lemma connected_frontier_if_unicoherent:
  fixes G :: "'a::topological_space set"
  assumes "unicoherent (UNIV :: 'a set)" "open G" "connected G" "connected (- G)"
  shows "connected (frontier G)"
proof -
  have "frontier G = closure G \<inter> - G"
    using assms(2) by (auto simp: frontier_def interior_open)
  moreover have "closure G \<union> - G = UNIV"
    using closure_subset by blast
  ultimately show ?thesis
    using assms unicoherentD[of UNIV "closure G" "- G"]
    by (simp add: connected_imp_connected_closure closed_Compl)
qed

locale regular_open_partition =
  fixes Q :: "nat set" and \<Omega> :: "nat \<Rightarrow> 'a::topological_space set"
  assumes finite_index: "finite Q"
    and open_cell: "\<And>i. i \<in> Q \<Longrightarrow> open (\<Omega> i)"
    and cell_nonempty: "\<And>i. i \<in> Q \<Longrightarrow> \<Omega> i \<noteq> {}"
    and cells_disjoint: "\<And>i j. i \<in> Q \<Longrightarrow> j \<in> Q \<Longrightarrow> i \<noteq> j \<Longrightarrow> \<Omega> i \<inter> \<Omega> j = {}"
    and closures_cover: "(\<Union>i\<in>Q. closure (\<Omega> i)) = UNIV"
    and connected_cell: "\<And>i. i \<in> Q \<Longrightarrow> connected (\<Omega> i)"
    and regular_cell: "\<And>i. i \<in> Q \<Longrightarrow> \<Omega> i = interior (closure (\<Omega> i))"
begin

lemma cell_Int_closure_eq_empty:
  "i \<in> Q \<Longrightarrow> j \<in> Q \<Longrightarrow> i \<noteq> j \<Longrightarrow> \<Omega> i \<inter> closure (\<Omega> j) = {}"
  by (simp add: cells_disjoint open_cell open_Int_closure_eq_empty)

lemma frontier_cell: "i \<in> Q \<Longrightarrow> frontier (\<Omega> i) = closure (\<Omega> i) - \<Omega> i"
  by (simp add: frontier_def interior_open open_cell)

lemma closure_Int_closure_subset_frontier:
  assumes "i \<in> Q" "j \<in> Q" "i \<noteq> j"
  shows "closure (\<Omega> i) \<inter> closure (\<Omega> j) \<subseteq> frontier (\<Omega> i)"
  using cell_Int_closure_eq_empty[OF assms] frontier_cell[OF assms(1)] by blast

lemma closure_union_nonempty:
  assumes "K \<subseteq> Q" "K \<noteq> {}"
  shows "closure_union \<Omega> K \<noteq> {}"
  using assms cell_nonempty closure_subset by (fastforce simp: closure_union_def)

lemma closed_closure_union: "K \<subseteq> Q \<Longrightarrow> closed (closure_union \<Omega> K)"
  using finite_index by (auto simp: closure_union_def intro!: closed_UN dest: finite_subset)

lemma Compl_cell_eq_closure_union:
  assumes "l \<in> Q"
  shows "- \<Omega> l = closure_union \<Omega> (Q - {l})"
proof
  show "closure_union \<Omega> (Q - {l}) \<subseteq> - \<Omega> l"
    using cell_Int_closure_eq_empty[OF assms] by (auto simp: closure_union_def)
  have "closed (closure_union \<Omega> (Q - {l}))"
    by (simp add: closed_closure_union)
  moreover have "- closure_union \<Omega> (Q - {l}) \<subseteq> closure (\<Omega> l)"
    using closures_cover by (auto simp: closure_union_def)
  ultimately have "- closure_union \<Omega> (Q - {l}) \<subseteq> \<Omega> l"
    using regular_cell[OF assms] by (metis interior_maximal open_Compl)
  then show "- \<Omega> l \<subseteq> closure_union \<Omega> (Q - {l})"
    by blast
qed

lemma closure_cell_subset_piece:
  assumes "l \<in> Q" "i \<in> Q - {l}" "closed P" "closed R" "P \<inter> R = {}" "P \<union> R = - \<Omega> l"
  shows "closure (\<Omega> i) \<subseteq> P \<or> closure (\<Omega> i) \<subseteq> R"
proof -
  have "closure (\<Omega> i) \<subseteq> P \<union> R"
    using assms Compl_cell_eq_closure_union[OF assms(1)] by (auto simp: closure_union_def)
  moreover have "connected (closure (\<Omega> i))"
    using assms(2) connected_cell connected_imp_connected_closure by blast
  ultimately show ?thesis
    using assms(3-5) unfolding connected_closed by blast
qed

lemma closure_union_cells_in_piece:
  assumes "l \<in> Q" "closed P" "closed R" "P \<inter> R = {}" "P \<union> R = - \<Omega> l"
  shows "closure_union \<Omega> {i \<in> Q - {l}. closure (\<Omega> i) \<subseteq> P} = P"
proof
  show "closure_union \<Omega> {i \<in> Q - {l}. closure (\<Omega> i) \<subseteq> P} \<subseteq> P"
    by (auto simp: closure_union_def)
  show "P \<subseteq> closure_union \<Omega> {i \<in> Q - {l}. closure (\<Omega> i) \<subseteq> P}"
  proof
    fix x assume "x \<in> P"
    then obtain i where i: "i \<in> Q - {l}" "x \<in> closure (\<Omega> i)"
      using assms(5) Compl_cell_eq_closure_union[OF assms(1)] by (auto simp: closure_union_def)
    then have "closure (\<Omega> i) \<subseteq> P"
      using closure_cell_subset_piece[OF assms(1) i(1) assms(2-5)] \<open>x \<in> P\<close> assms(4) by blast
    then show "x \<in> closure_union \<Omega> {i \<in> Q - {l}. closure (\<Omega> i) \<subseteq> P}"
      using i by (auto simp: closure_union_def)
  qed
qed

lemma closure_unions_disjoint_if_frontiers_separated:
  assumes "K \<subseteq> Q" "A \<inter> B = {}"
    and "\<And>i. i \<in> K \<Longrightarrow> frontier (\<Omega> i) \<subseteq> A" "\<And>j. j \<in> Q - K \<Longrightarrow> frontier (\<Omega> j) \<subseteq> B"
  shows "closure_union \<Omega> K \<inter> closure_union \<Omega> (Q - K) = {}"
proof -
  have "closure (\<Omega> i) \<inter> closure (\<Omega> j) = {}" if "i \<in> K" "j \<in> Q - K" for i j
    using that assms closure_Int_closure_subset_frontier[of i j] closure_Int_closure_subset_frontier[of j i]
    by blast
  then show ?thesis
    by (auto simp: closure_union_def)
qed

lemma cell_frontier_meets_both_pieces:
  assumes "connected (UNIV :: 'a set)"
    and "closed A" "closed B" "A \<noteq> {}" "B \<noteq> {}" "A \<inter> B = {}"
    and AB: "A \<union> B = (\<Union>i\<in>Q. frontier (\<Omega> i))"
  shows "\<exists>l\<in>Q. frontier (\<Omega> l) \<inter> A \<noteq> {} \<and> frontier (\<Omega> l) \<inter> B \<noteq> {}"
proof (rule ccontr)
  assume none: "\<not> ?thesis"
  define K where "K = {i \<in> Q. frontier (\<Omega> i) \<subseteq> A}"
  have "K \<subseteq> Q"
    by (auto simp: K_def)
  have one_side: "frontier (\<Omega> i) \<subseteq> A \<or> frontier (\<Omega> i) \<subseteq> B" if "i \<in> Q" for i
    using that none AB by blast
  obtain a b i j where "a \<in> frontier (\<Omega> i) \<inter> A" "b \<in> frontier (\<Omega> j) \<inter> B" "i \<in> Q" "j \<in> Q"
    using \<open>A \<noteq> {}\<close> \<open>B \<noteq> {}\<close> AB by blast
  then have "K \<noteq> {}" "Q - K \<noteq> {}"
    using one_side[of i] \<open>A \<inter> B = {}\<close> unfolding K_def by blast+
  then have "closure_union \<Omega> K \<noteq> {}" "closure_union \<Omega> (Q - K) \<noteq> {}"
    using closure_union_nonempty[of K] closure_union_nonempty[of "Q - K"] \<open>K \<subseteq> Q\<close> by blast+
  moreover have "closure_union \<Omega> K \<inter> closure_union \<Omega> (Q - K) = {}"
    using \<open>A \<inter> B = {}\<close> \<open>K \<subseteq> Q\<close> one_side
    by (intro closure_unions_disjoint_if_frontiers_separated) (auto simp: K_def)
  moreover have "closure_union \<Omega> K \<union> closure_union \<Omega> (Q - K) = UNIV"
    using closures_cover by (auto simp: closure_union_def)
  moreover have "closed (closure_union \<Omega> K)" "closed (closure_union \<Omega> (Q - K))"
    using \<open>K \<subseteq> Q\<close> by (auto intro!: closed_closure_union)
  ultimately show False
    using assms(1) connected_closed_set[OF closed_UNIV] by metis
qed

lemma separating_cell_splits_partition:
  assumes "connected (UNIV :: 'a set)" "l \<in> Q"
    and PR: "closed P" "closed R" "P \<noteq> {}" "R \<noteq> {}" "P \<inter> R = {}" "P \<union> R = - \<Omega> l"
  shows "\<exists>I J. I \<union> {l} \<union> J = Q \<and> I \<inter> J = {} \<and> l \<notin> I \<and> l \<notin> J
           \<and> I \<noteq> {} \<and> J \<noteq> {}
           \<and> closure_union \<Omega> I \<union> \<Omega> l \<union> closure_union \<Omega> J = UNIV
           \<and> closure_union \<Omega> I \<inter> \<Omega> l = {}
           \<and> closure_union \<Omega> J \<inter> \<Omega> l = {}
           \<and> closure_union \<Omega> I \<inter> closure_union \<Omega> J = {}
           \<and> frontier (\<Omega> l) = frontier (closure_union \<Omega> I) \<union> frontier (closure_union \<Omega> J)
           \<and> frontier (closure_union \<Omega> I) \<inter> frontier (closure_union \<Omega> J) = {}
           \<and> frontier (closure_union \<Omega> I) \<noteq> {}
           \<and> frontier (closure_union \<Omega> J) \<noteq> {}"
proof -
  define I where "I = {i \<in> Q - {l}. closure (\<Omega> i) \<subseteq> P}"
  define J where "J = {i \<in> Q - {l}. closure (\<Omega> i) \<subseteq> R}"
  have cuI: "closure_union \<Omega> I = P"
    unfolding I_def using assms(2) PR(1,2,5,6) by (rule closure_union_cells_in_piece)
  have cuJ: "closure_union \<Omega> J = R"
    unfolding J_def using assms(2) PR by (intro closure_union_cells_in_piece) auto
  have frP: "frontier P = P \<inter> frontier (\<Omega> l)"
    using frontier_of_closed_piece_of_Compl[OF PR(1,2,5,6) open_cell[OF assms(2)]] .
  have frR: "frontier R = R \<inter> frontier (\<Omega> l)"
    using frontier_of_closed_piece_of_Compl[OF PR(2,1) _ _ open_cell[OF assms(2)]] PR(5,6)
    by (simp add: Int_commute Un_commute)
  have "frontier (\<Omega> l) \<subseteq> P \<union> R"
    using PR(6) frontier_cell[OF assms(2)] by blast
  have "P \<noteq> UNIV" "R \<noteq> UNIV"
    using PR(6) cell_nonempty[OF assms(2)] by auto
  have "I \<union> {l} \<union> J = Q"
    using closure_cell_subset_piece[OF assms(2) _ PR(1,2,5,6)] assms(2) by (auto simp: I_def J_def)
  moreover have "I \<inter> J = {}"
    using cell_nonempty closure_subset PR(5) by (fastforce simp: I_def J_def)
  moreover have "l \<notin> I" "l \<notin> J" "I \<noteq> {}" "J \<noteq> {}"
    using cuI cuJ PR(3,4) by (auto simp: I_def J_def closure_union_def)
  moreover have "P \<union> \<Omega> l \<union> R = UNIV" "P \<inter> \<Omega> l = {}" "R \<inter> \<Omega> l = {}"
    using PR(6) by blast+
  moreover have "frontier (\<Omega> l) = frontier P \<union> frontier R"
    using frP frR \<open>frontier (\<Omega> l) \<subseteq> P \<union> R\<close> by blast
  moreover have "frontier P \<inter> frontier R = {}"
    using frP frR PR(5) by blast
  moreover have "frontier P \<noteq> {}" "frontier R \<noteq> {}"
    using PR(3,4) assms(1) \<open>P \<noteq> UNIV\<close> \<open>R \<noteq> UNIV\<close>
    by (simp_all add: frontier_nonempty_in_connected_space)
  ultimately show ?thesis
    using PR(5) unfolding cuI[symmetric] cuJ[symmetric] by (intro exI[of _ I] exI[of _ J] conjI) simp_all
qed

◆ ◆ ◆ ◆ ◆ ◆ ◆

# EXERCISE BRIEF
Every line in the records that holds the word "rule" should be copied into the answer.

# TASK OUTPUT
proof (rule ccontr)
    unfolding I_def using assms(2) PR(1,2,5,6) by (rule closure_union_cells_in_piece)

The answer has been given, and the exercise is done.